Requires-Dist: moto[ecs,elbv2,logs,sts]>=4.0; extra == "dev"
Requires-Dist: pytest>=7.0; extra == "dev"
Requires-Dist: pytest-cov>=4.0; extra == "dev"
Dynamic: license-file

# ecs-doctor

[![PyPI version](https://img.shields.io/pypi/v/ecs-doctor.svg)](https://pypi.org/project/ecs-doctor/)
[![License: MIT](https://img.shields.io/badge/License-MIT-yellow.svg)](LICENSE)
[![Python 3.12+](https://img.shields.io/badge/python-3.12%2B-blue.svg)](https://www.python.org/downloads/)

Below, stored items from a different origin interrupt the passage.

lemma comp_counit_nat_trans:
  "nat_trans A A (comp_functor (comp_functor P F) (comp_functor G U)) (id_functor A) (comp_counit A P U \<epsilon> \<kappa>)"
  unfolding nat_trans_def
proof (intro conjI ballI is_functor_id adj_C[OF a2]
    is_functor_comp[OF comp_right_adjoint_functor comp_left_adjoint_functor])
  note simps = comp_adj_simps
  fix X assume "X \<in> Obj A"
  then show "comp_counit A P U \<epsilon> \<kappa> X \<in> hom A (omap (comp_functor (comp_functor P F) (comp_functor G U)) X) (omap (id_functor A) X)"
    unfolding comp_counit_def using simps by (simp add: cat_simps functor_simps hom_def)
next
  note simps = comp_adj_simps and P = adj_F[OF a2]
  fix k assume k: "k \<in> Arr A"
  have "Comp A (comp_counit A P U \<epsilon> \<kappa> (Cod A k)) (amap P (amap F (amap G (amap U k)))) =
      Comp A (\<kappa> (Cod A k)) (Comp A (amap P (\<epsilon> (omap U (Cod A k)))) (amap P (amap F (amap G (amap U k)))))"
    unfolding comp_counit_def using simps k by (simp add: cat_simps functor_simps)
  also have "\<dots> = Comp A (\<kappa> (Cod A k)) (Comp A (amap P (amap U k)) (amap P (\<epsilon> (omap U (Dom A k)))))"
    using simps k eps_nat[OF a1, of "amap U k"]
    by (intro arg_cong[where f="Comp A (\<kappa> (Cod A k))"] functor_comp_eq[OF P]) (auto simp: cat_simps functor_simps)
  also have "\<dots> = Comp A k (comp_counit A P U \<epsilon> \<kappa> (Dom A k))"
    unfolding comp_counit_def using simps k eps_nat[OF a2 k] by (intro comp_reassoc_eq) (auto simp: cat_simps functor_simps)
  finally show "Comp A (comp_counit A P U \<epsilon> \<kappa> (Cod A k)) (amap (comp_functor (comp_functor P F) (comp_functor G U)) k) =
      Comp A (amap (id_functor A) k) (comp_counit A P U \<epsilon> \<kappa> (Dom A k))" by simp
qed

lemma comp_triangle_left:
  assumes X: "X \<in> Obj D"
  shows "Comp A (comp_counit A P U \<epsilon> \<kappa> (omap (comp_functor P F) X)) (amap (comp_functor P F) (comp_unit D G F \<eta> \<iota> X))
    = Id A (omap (comp_functor P F) X)"
proof -
  note simps = comp_adj_simps and P = adj_F[OF a2]
  have FX: "omap F X \<in> Obj C" using simps X by (simp add: cat_simps functor_simps)
  have "Comp A (comp_counit A P U \<epsilon> \<kappa> (omap (comp_functor P F) X)) (amap (comp_functor P F) (comp_unit D G F \<eta> \<iota> X)) =
    Comp A (\<kappa> (omap P (omap F X))) (Comp A (amap P (\<epsilon> (omap U (omap P (omap F X)))))
       (Comp A (amap P (amap F (amap G (\<iota> (omap F X))))) (amap P (amap F (\<eta> X)))))"
    unfolding comp_counit_def comp_unit_def using simps X FX by (simp add: cat_simps functor_simps)
  also have "\<dots> = Comp A (\<kappa> (omap P (omap F X))) (Comp A (amap P (\<iota> (omap F X)))
       (Comp A (amap P (\<epsilon> (omap F X))) (amap P (amap F (\<eta> X)))))"
    using simps X FX eps_nat[OF a1, of "\<iota> (omap F X)"]
    by (intro arg_cong[where f="Comp A (\<kappa> (omap P (omap F X)))"] comp_reassoc_eq functor_comp_eq[OF P])
      (auto simp: cat_simps functor_simps)
  also have "\<dots> = Comp A (\<kappa> (omap P (omap F X))) (amap P (\<iota> (omap F X)))"
    using simps X FX functor_comp_eq_id[OF P, of "amap F (\<eta> X)" "\<epsilon> (omap F X)" "omap F X"] adj_triangle_F[OF a1 X]
    by (simp add: cat_simps functor_typing functor_id)
  also have "\<dots> = Id A (omap (comp_functor P F) X)"
    using simps X FX adj_triangle_F[OF a2 FX] by (simp add: cat_simps functor_simps)
  finally show ?thesis .
qed

lemma comp_triangle_right:
  assumes Y: "Y \<in> Obj A"
  shows "Comp D (amap (comp_functor G U) (comp_counit A P U \<epsilon> \<kappa> Y)) (comp_unit D G F \<eta> \<iota> (omap (comp_functor G U) Y))
    = Id D (omap (comp_functor G U) Y)"
proof -
  note simps = comp_adj_simps and G = adj_G[OF a1]
  have UY: "omap U Y \<in> Obj C" using simps Y by (simp add: cat_simps functor_simps)
  have "Comp D (amap (comp_functor G U) (comp_counit A P U \<epsilon> \<kappa> Y)) (comp_unit D G F \<eta> \<iota> (omap (comp_functor G U) Y)) =
    Comp D (amap G (amap U (\<kappa> Y))) (Comp D (amap G (amap U (amap P (\<epsilon> (omap U Y)))))
      (Comp D (amap G (\<iota> (omap F (omap G (omap U Y))))) (\<eta> (omap G (omap U Y)))))"
    unfolding comp_counit_def comp_unit_def using simps Y UY by (simp add: cat_simps functor_simps)
  also have "\<dots> = Comp D (amap G (amap U (\<kappa> Y))) (Comp D (amap G (\<iota> (omap U Y)))
      (Comp D (amap G (\<epsilon> (omap U Y))) (\<eta> (omap G (omap U Y)))))"
    using simps Y UY eta_nat[OF a2, of "\<epsilon> (omap U Y)"]
    by (intro arg_cong[where f="Comp D (amap G (amap U (\<kappa> Y)))"] comp_reassoc_eq functor_comp_eq[OF G])
      (auto simp: cat_simps functor_simps)
  also have "\<dots> = Comp D (amap G (amap U (\<kappa> Y))) (amap G (\<iota> (omap U Y)))"
    using simps Y UY adj_triangle_G[OF a1 UY] by (simp add: cat_simps functor_simps)
  also have "\<dots> = Id D (omap (comp_functor G U) Y)"
    using simps Y UY functor_comp_eq_id[OF G, of "\<iota> (omap U Y)" "amap U (\<kappa> Y)" "omap U Y"] adj_triangle_G[OF a2 Y]
    by (simp add: cat_simps functor_typing functor_id)
  finally show ?thesis .
qed

lemma adjunction_comp:
  "adjunction A D (comp_functor P F) (comp_functor G U) (comp_unit D G F \<eta> \<iota>) (comp_counit A P U \<epsilon> \<kappa>)"
  unfolding adjunction_def
  using comp_left_adjoint_functor comp_right_adjoint_functor comp_unit_nat_trans comp_counit_nat_trans comp_triangle_left comp_triangle_right by blast

end

lemma monadic_reflects_isos:
  assumes "monadic C D G"
  shows "reflects_isos C D G"
  unfolding reflects_isos_def
proof (intro ballI impI)
  fix f assume f: "f \<in> Arr C" and i: "iso D (amap G f)"
  obtain F \<eta> \<epsilon> where adj: "adjunction C D F G \<eta> \<epsilon>"
    and eq: "equivalence C (EM_of_adj D F G \<eta> \<epsilon>) (comparison C G \<epsilon>)"
    using assms unfolding monadic_def by blast
  note K = comparison_functor[OF adj]
  have "amap (comparison C G \<epsilon>) f \<in> Arr (EM_of_adj D F G \<eta> \<epsilon>)" by (rule functor_arr[OF K f])
  then have "iso (EM_of_adj D F G \<eta> \<epsilon>) (amap (comparison C G \<epsilon>) f)"
    unfolding EM_cat_eq comparison_amap
    by (rule algebra_cat_isoI[OF adj_D[OF adj] is_functor_comp[OF adj_F[OF adj] adj_G[OF adj]] algebra_set_EM _ i])
  then show "iso C f" using ff_reflects_iso[OF K equivalenceD(1,2)[OF eq] f] by blast
qed

text \<open>The
  codomain of the split coequalizer \<open>e\<close> carries the Eilenberg-Moore algebra structure
  \<open>e \<circ> G (\<epsilon> Xt) \<circ> G (F s)\<close>.\<close>

locale adjunction_split_pair =
  fixes C :: "('oc, 'mc) cat" and D :: "('od, 'md) cat" and F G \<eta> \<epsilon>
    and f g Xs Xt e s t Y
  assumes adj: "adjunction C D F G \<eta> \<epsilon>"
    and f: "f \<in> hom C Xs Xt" and g: "g \<in> hom C Xs Xt"
    and e: "e \<in> hom D (omap G Xt) Y" and s: "s \<in> hom D Y (omap G Xt)" and t: "t \<in> hom D (omap G Xt) (omap G Xs)"
    and ef: "Comp D e (amap G f) = Comp D e (amap G g)" and es: "Comp D e s = Id D Y"
    and gt: "Comp D (amap G g) t = Id D (omap G Xt)" and ft: "Comp D (amap G f) t = Comp D s e"
begin

definition induced_action :: 'md where
  "induced_action = Comp D e (Comp D (amap G (\<epsilon> Xt)) (amap G (amap F s)))"

lemma arrs:
  "f \<in> Arr C" "Dom C f = Xs" "Cod C f = Xt" "g \<in> Arr C" "Dom C g = Xs" "Cod C g = Xt"
  "e \<in> Arr D" "Dom D e = omap G Xt" "Cod D e = Y" "s \<in> Arr D" "Dom D s = Y" "Cod D s = omap G Xt"
  "t \<in> Arr D" "Dom D t = omap G Xt" "Cod D t = omap G Xs"
  "Xs \<in> Obj C" "Xt \<in> Obj C" "Y \<in> Obj D" "omap G Xs \<in> Obj D" "omap G Xt \<in> Obj D"
  using f g e s t adj_C[OF adj] adj_D[OF adj] adj_G[OF adj]
  by (auto simp: hom_def cat_simps functor_simps)

lemmas split_simps = arrs adj_simps[OF adj]

lemma G_coequalizer: "coequalizer D (amap G f) (amap G g) e"
proof (rule split_coequalizer[OF adj_D[OF adj]])
  show "split_fork D (amap G f) (amap G g) e s t"
    unfolding split_fork_def using split_simps ef es gt ft
    by (intro exI[of _ "omap G Xs"] exI[of _ "omap G Xt"] exI[of _ Y]) (simp add: hom_def functor_simps)
qed

lemma induced_action_arr:
  "induced_action \<in> Arr D" "Dom D induced_action = omap G (omap F Y)" "Cod D induced_action = Y"
  unfolding induced_action_def using split_simps by (simp_all add: cat_simps functor_simps)

lemma e_preserves_action: "Comp D e (amap G (\<epsilon> Xt)) = Comp D induced_action (amap G (amap F e))"
proof -
  note T = is_functor_comp[OF adj_F[OF adj] adj_G[OF adj]] and G = adj_G[OF adj]
  have E1: "Comp D (amap G (amap F s)) (amap G (amap F e)) = Comp D (amap G (amap F (amap G f))) (amap G (amap F t))"
    using functor_comp_eq[OF T, of e s t "amap G f"] split_simps ft by (simp add: functor_simps)
  have E2: "Comp D (amap G (\<epsilon> Xt)) (amap G (amap F (amap G h))) = Comp D (amap G h) (amap G (\<epsilon> Xs))"
    if h: "h \<in> hom C Xs Xt" for h
    using functor_comp_eq[OF G, of "amap F (amap G h)" "\<epsilon> Xt" "\<epsilon> Xs" h] eps_nat[OF adj, of h] h split_simps
    by (simp add: functor_simps hom_def)
  have E3: "Comp D (amap G (amap F (amap G g))) (amap G (amap F t)) = Id D (omap G (omap F (omap G Xt)))"
    using functor_comp_eq_id[OF T, of t "amap G g" "omap G Xt"] split_simps gt by (simp add: functor_simps)
  have "Comp D induced_action (amap G (amap F e))
      = Comp D e (Comp D (amap G (\<epsilon> Xt)) (Comp D (amap G (amap F (amap G f))) (amap G (amap F t))))"
    unfolding induced_action_def using split_simps E1 by (simp add: cat_simps functor_simps)
  also have "\<dots> = Comp D e (Comp D (amap G f) (Comp D (amap G (\<epsilon> Xs)) (amap G (amap F t))))"
    using E2[OF f] split_simps by (intro arg_cong[where f="Comp D e"] comp_reassoc_eq) (auto simp: cat_simps functor_simps)
  also have "\<dots> = Comp D e (Comp D (amap G g) (Comp D (amap G (\<epsilon> Xs)) (amap G (amap F t))))"
    using ef split_simps by (intro comp_reassoc_eq) (auto simp: cat_simps functor_simps)
  also have "\<dots> = Comp D e (Comp D (amap G (\<epsilon> Xt)) (Comp D (amap G (amap F (amap G g))) (amap G (amap F t))))"
    using E2[OF g] split_simps by (intro arg_cong[where f="Comp D e"] comp_reassoc_eq) (auto simp: cat_simps functor_simps)
  also have "\<dots> = Comp D e (amap G (\<epsilon> Xt))"
    using E3 split_simps by (simp add: cat_simps functor_simps)
  finally show ?thesis by simp
qed

lemma induced_action_unit: "Comp D induced_action (\<eta> Y) = Id D Y"
proof -
  have "Comp D induced_action (\<eta> Y) = Comp D e (Comp D (amap G (\<epsilon> Xt)) (Comp D (amap G (amap F s)) (\<eta> Y)))"
    unfolding induced_action_def using split_simps by (simp add: cat_simps functor_simps)
  also have "\<dots> = Comp D e (Comp D (amap G (\<epsilon> Xt)) (Comp D (\<eta> (omap G Xt)) s))"
    using eta_nat[OF adj, of s] split_simps by simp
  also have "\<dots> = Comp D e s"
    using adj_triangle_G[OF adj, of Xt] split_simps by (intro arg_cong[where f="Comp D e"] comp_reassoc_id) (auto simp: cat_simps functor_simps)
  finally show ?thesis using es by simp
qed

lemma induced_action_assoc:
  "Comp D induced_action (amap G (amap F induced_action)) = Comp D induced_action (amap G (\<epsilon> (omap F Y)))"
proof -
  note T = is_functor_comp[OF adj_F[OF adj] adj_G[OF adj]] and G = adj_G[OF adj] and ya = induced_action_arr
  note TT = is_functor_comp[OF T T] and eEM = e_preserves_action
  let ?y = induced_action and ?TTe = "amap G (amap F (amap G (amap F e)))"
  have cXt: "Comp D (amap G (\<epsilon> Xt)) (amap G (amap F (amap G (\<epsilon> Xt))))
      = Comp D (amap G (\<epsilon> Xt)) (amap G (\<epsilon> (omap F (omap G Xt))))"
    using comparison_obj[OF adj, of Xt] split_simps by (simp add: EM_obj_def adj_mult_def)
  have E4: "Comp D (amap G (amap F ?y)) ?TTe = Comp D (amap G (amap F e)) (amap G (amap F (amap G (\<epsilon> Xt))))"
    using functor_comp_eq[OF T, of "amap G (amap F e)" ?y "amap G (\<epsilon> Xt)" e] eEM split_simps ya by (simp add: functor_simps cat_simps)
  have E5: "Comp D (amap G (\<epsilon> (omap F Y))) ?TTe = Comp D (amap G (amap F e)) (amap G (\<epsilon> (omap F (omap G Xt))))"
    using functor_comp_eq[OF G, of "amap F (amap G (amap F e))" "\<epsilon> (omap F Y)" "\<epsilon> (omap F (omap G Xt))" "amap F e"]
      eps_nat[OF adj, of "amap F e"] split_simps by (simp add: functor_simps cat_simps)
  show ?thesis
  proof (rule split_epi_cancel[OF adj_D[OF adj], of ?TTe "amap G (amap F (amap G (amap F s)))"])
    show "Comp D ?TTe (amap G (amap F (amap G (amap F s)))) = Id D (Cod D ?TTe)"
      using functor_comp_eq_id[OF TT, of s e Y] split_simps es by (simp add: functor_simps)
    have "Comp D (Comp D ?y (amap G (amap F ?y))) ?TTe
        = Comp D ?y (Comp D (amap G (amap F e)) (amap G (amap F (amap G (\<epsilon> Xt)))))"
      using E4 split_simps ya by (simp add: cat_simps functor_simps)
    also have "\<dots> = Comp D e (Comp D (amap G (\<epsilon> Xt)) (amap G (amap F (amap G (\<epsilon> Xt)))))"
      using eEM[symmetric] split_simps ya by (intro comp_reassoc_eq) (auto simp: cat_simps functor_simps)
    also have "\<dots> = Comp D e (Comp D (amap G (\<epsilon> Xt)) (amap G (\<epsilon> (omap F (omap G Xt)))))"
      using cXt by simp
    also have "\<dots> = Comp D ?y (Comp D (amap G (amap F e)) (amap G (\<epsilon> (omap F (omap G Xt)))))"
      using eEM split_simps ya by (intro comp_reassoc_eq) (auto simp: cat_simps functor_simps)
    also have "\<dots> = Comp D (Comp D ?y (amap G (\<epsilon> (omap F Y)))) ?TTe"
      using E5 split_simps ya by (simp add: cat_simps functor_simps)
    finally show "Comp D (Comp D ?y (amap G (amap F ?y))) ?TTe = Comp D (Comp D ?y (amap G (\<epsilon> (omap F Y)))) ?TTe" .
  qed (use split_simps ya in \<open>simp_all add: cat_simps functor_simps\<close>)
qed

**Diagnose why your ECS service is failing — in one command.**

> Designed and built by [Praveen Rajkoilraj](https://github.com/praveenrajkoilraj).

---

## The Problem

ECS troubleshooting today means manually correlating four separate AWS data sources every single incident, by hand:

1. **ECS DescribeServices events** — was there a placement failure? a deployment rollback?
2. **DescribeTasks stoppedReason + container exit codes** — OOM? image pull failure? missing secret?
3. **CloudWatch Logs** — what was the application printing before it crashed?
4. **ALB target health** — is the load balancer even reaching the container?

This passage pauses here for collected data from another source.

lemma powr_inverse_less_iff:
  fixes s r p :: real
  assumes "0 \<le> s" "0 \<le> r" "0 < p"
  shows "s powr (1 / p) < r \<longleftrightarrow> s < r powr p"
proof
  assume "s powr (1 / p) < r"
  then have "(s powr (1 / p)) powr p < r powr p"
    using assms by (intro powr_less_mono2) auto
  then show "s < r powr p"
    using assms by (simp add: powr_powr)
next
  assume "s < r powr p"
  then have "s powr (1 / p) < (r powr p) powr (1 / p)"
    using assms by (intro powr_less_mono2) auto
  then show "s powr (1 / p) < r"
    using assms by (simp add: powr_powr)
qed

lemma summable_powr_add:
  fixes a u v :: "nat \<Rightarrow> real"
  assumes p: "1 \<le> p" and a: "\<And>n. 0 \<le> a n" and u: "\<And>n. 0 \<le> u n" and v: "\<And>n. 0 \<le> v n"
    and su: "summable (\<lambda>n. a n * u n powr p)" and sv: "summable (\<lambda>n. a n * v n powr p)"
  shows "summable (\<lambda>n. a n * (u n + v n) powr p)"
proof (rule summable_comparison_test)
  show "summable (\<lambda>n. 2 powr p * (a n * u n powr p) + 2 powr p * (a n * v n powr p))"
    using su sv by (intro summable_add summable_mult)
  have "(u n + v n) powr p \<le> 2 powr p * u n powr p + 2 powr p * v n powr p" for n
  proof -
    have "((u n + v n) / 2) powr p \<le> (1 - 1/2) * u n powr p + 1/2 * v n powr p"
      using convex_onD[OF powr_convex_nonneg[OF p], of "1/2" "u n" "v n"] u v
      by (simp add: field_simps)
    then have "2 * (u n + v n) powr p \<le> 2 powr p * u n powr p + 2 powr p * v n powr p"
      using u v p by (simp add: powr_divide field_simps)
    then show ?thesis
      using powr_ge_zero[of "u n + v n" p] by linarith
  qed
  then have "a n * (u n + v n) powr p \<le> a n * (2 powr p * u n powr p + 2 powr p * v n powr p)" for n
    using a by (rule mult_left_mono)
  then show "\<exists>N. \<forall>n\<ge>N. norm (a n * (u n + v n) powr p)
      \<le> 2 powr p * (a n * u n powr p) + 2 powr p * (a n * v n powr p)"
    using a by (simp add: algebra_simps abs_mult)
qed

lemma weighted_minkowski_pos:
  fixes a u v :: "nat \<Rightarrow> real"
  assumes p: "1 \<le> p" and a: "\<And>n. 0 \<le> a n" and u: "\<And>n. 0 \<le> u n" and v: "\<And>n. 0 \<le> v n"
    and su: "(\<lambda>n. a n * u n powr p) sums (A powr p)" and sv: "(\<lambda>n. a n * v n powr p) sums (B powr p)"
    and A: "0 < A" and B: "0 < B"
  shows "(\<Sum>n. a n * (u n + v n) powr p) \<le> (A + B) powr p"
proof -
  \<comment> \<open>chosen so that \<open>(u + v)/(A + B) = (1 - t) (u/A) + t (v/B)\<close>, a convex combination\<close>
  define t where "t = B / (A + B)"
  have t: "0 \<le> t" "t \<le> 1" "1 - t = A / (A + B)"
    using A B by (auto simp: t_def field_simps)
  define g where
    "g n = (A + B) powr p * ((1 - t) / A powr p * (a n * u n powr p) + t / B powr p * (a n * v n powr p))"
    for n
  have g_sums: "g sums (A + B) powr p"
  proof -
    have "g sums ((A + B) powr p * ((1 - t) / A powr p * A powr p + t / B powr p * B powr p))"
      unfolding g_def by (intro sums_mult sums_add su sv)
    then show ?thesis
      using A B by simp
  qed
  have le_g: "a n * (u n + v n) powr p \<le> g n" for n
  proof -
    have "(u n + v n) / (A + B) = (1 - t) * (u n / A) + t * (v n / B)"
      unfolding t(3) using A B by (simp add: t_def add_divide_distrib)
    then have "((u n + v n) / (A + B)) powr p \<le> (1 - t) * (u n / A) powr p + t * (v n / B) powr p"
      using convex_onD[OF powr_convex_nonneg[OF p], of t "u n / A" "v n / B"] t u v A B by simp
    then have "(u n + v n) powr p
        \<le> (A + B) powr p * ((1 - t) / A powr p * u n powr p + t / B powr p * v n powr p)"
      using u v A B by (simp add: powr_divide divide_le_eq algebra_simps)
    then have "a n * (u n + v n) powr p
        \<le> a n * ((A + B) powr p * ((1 - t) / A powr p * u n powr p + t / B powr p * v n powr p))"
      using a by (rule mult_left_mono)
    then show ?thesis
      unfolding g_def by (simp add: algebra_simps)
  qed
  have "(\<Sum>n. a n * (u n + v n) powr p) \<le> suminf g"
    using le_g summable_powr_add[OF p a u v sums_summable[OF su] sums_summable[OF sv]]
      sums_summable[OF g_sums] by (rule suminf_le)
  then show ?thesis
    using sums_unique[OF g_sums] by simp
qed

lemma weighted_minkowski_null:
  fixes a u v :: "nat \<Rightarrow> real"
  assumes a: "\<And>n. 0 \<le> a n" and u: "\<And>n. 0 \<le> u n"
    and su: "summable (\<lambda>n. a n * u n powr p)" and null: "(\<Sum>n. a n * u n powr p) = 0"
  shows "(\<lambda>n. a n * (u n + v n) powr p) = (\<lambda>n. a n * v n powr p)"
proof
  fix n
  have "a n * u n powr p = 0"
    using null suminf_eq_zero_iff[OF su] a u by simp
  then show "a n * (u n + v n) powr p = a n * v n powr p"
    by auto
qed

lemma weighted_minkowski:
  fixes a u v :: "nat \<Rightarrow> real"
  assumes p: "1 \<le> p" and a: "\<And>n. 0 \<le> a n" and u: "\<And>n. 0 \<le> u n" and v: "\<And>n. 0 \<le> v n"
    and su: "summable (\<lambda>n. a n * u n powr p)" and sv: "summable (\<lambda>n. a n * v n powr p)"
  shows "(\<Sum>n. a n * (u n + v n) powr p) powr (1 / p)
    \<le> (\<Sum>n. a n * u n powr p) powr (1 / p) + (\<Sum>n. a n * v n powr p) powr (1 / p)"
proof -
  define A where "A = (\<Sum>n. a n * u n powr p) powr (1 / p)"
  define B where "B = (\<Sum>n. a n * v n powr p) powr (1 / p)"
  have Su: "(\<Sum>n. a n * u n powr p) = A powr p" and Sv: "(\<Sum>n. a n * v n powr p) = B powr p"
    using p suminf_nonneg[OF su] suminf_nonneg[OF sv] a
    by (simp_all add: A_def B_def powr_powr)
  consider "A = 0" | "B = 0" | "0 < A" "0 < B"
    using A_def B_def by fastforce
  then show ?thesis
  proof cases
    case 1
    then show ?thesis
      using weighted_minkowski_null[OF a u su, of v] Su p by (simp add: B_def)
  next
    case 2
    then show ?thesis
      using weighted_minkowski_null[OF a v sv, of u] Sv p by (simp add: A_def add.commute)
  next
    case 3
    have "(\<lambda>n. a n * u n powr p) sums A powr p" "(\<lambda>n. a n * v n powr p) sums B powr p"
      using summable_sums[OF su] summable_sums[OF sv] by (simp_all only: Su Sv)
    then have "(\<Sum>n. a n * (u n + v n) powr p) \<le> (A + B) powr p"
      by (rule weighted_minkowski_pos[OF p a u v _ _ 3])
    then have "(\<Sum>n. a n * (u n + v n) powr p) powr (1 / p) \<le> ((A + B) powr p) powr (1 / p)"
      using p a u v by (intro powr_mono2 suminf_nonneg summable_powr_add su sv) auto
    then show ?thesis
      using 3 p by (simp add: A_def B_def powr_powr)
  qed
qed

definition dpa_sum :: "real \<Rightarrow> (nat \<Rightarrow> real) \<Rightarrow> (nat \<Rightarrow> 'a::metric_space) \<Rightarrow> (nat \<Rightarrow> 'a) \<Rightarrow> real"
  where "dpa_sum p a x y = (\<Sum>n. a n * dist (x n) (y n) powr p)"

lemma dpa_eq_dpa_sum_powr: "dpa p a x y = dpa_sum p a x y powr (1 / p)"
  by (simp add: dpa_def dpa_sum_def)

lemma ell_infty_dist_bounded:
  assumes "x \<in> ell_infty" "y \<in> ell_infty"
  obtains B where "\<And>n. dist (x n) (y n) \<le> B"
proof -
  fix c :: 'a
  obtain Bx By where "\<And>n. dist c (x n) \<le> Bx" "\<And>n. dist c (y n) \<le> By"
    using assms unfolding ell_infty_def bounded_any_center[of _ c] by blast
  then have "dist (x n) (y n) \<le> Bx + By" for n
    by (metis add_mono dist_commute dist_triangle order_trans)
  then show ?thesis
    using that by blast
qed

lemma summable_weighted_powr_bounded:
  fixes a u :: "nat \<Rightarrow> real"
  assumes "summable a" "\<And>n. 0 \<le> a n" "0 \<le> p" "\<And>n. 0 \<le> u n" "\<And>n. u n \<le> B"
  shows "summable (\<lambda>n. a n * u n powr p)"
proof (rule summable_comparison_test)
  show "summable (\<lambda>n. a n * B powr p)"
    using assms(1) by (rule summable_mult2)
  show "\<exists>N. \<forall>n\<ge>N. norm (a n * u n powr p) \<le> a n * B powr p"
    using assms(2-5) by (auto intro!: mult_left_mono powr_mono2)
qed

lemma openin_tychonoff_ell_cylinder:
  "openin tychonoff_ell {y \<in> ell_infty. \<forall>n<N. dist (x n) (y n) < \<delta>}"
proof -
  let ?W = "\<lambda>n. if n < N then ball (x n) \<delta> else UNIV"
  have "openin (product_topology (\<lambda>_. euclidean) UNIV) (PiE UNIV ?W)"
    by (subst openin_PiE_gen) (auto intro: finite_subset[of _ "{..<N}"])
  moreover have "{y \<in> ell_infty. \<forall>n<N. dist (x n) (y n) < \<delta>} = PiE UNIV ?W \<inter> ell_infty"
    by (auto simp: PiE_UNIV_domain Pi_iff split: if_splits)
  ultimately show ?thesis
    unfolding tychonoff_ell_def openin_subtopology by blast
qed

You're tabbing between four AWS console screens at 2am, each one showing raw data with no correlation, trying to figure out whether it's OOM, a bad image tag, a broken health check path, or a VPC security group blocking the ALB. Every time.

There is currently no open-source tool that aggregates these four signals into a single root-cause report. The AWS CLI, boto3 scripts, and the ECS console only expose raw data per service — they do not correlate findings across signals or tell you what to fix.

`ecs-doctor` does that.

---

## Why This Exists

> "It's 2am. PagerDuty woke you up. `DesiredCount: 3, RunningCount: 0`. You open the ECS console, see 'essential container in task exited', switch to CloudWatch Logs to find the crash, switch to the target group to check health, go back to the service events to see if it's been flapping for 20 minutes or 20 seconds. Thirty minutes later you realize it was a DockerHub rate limit. You've done this exact sequence fifteen times this year."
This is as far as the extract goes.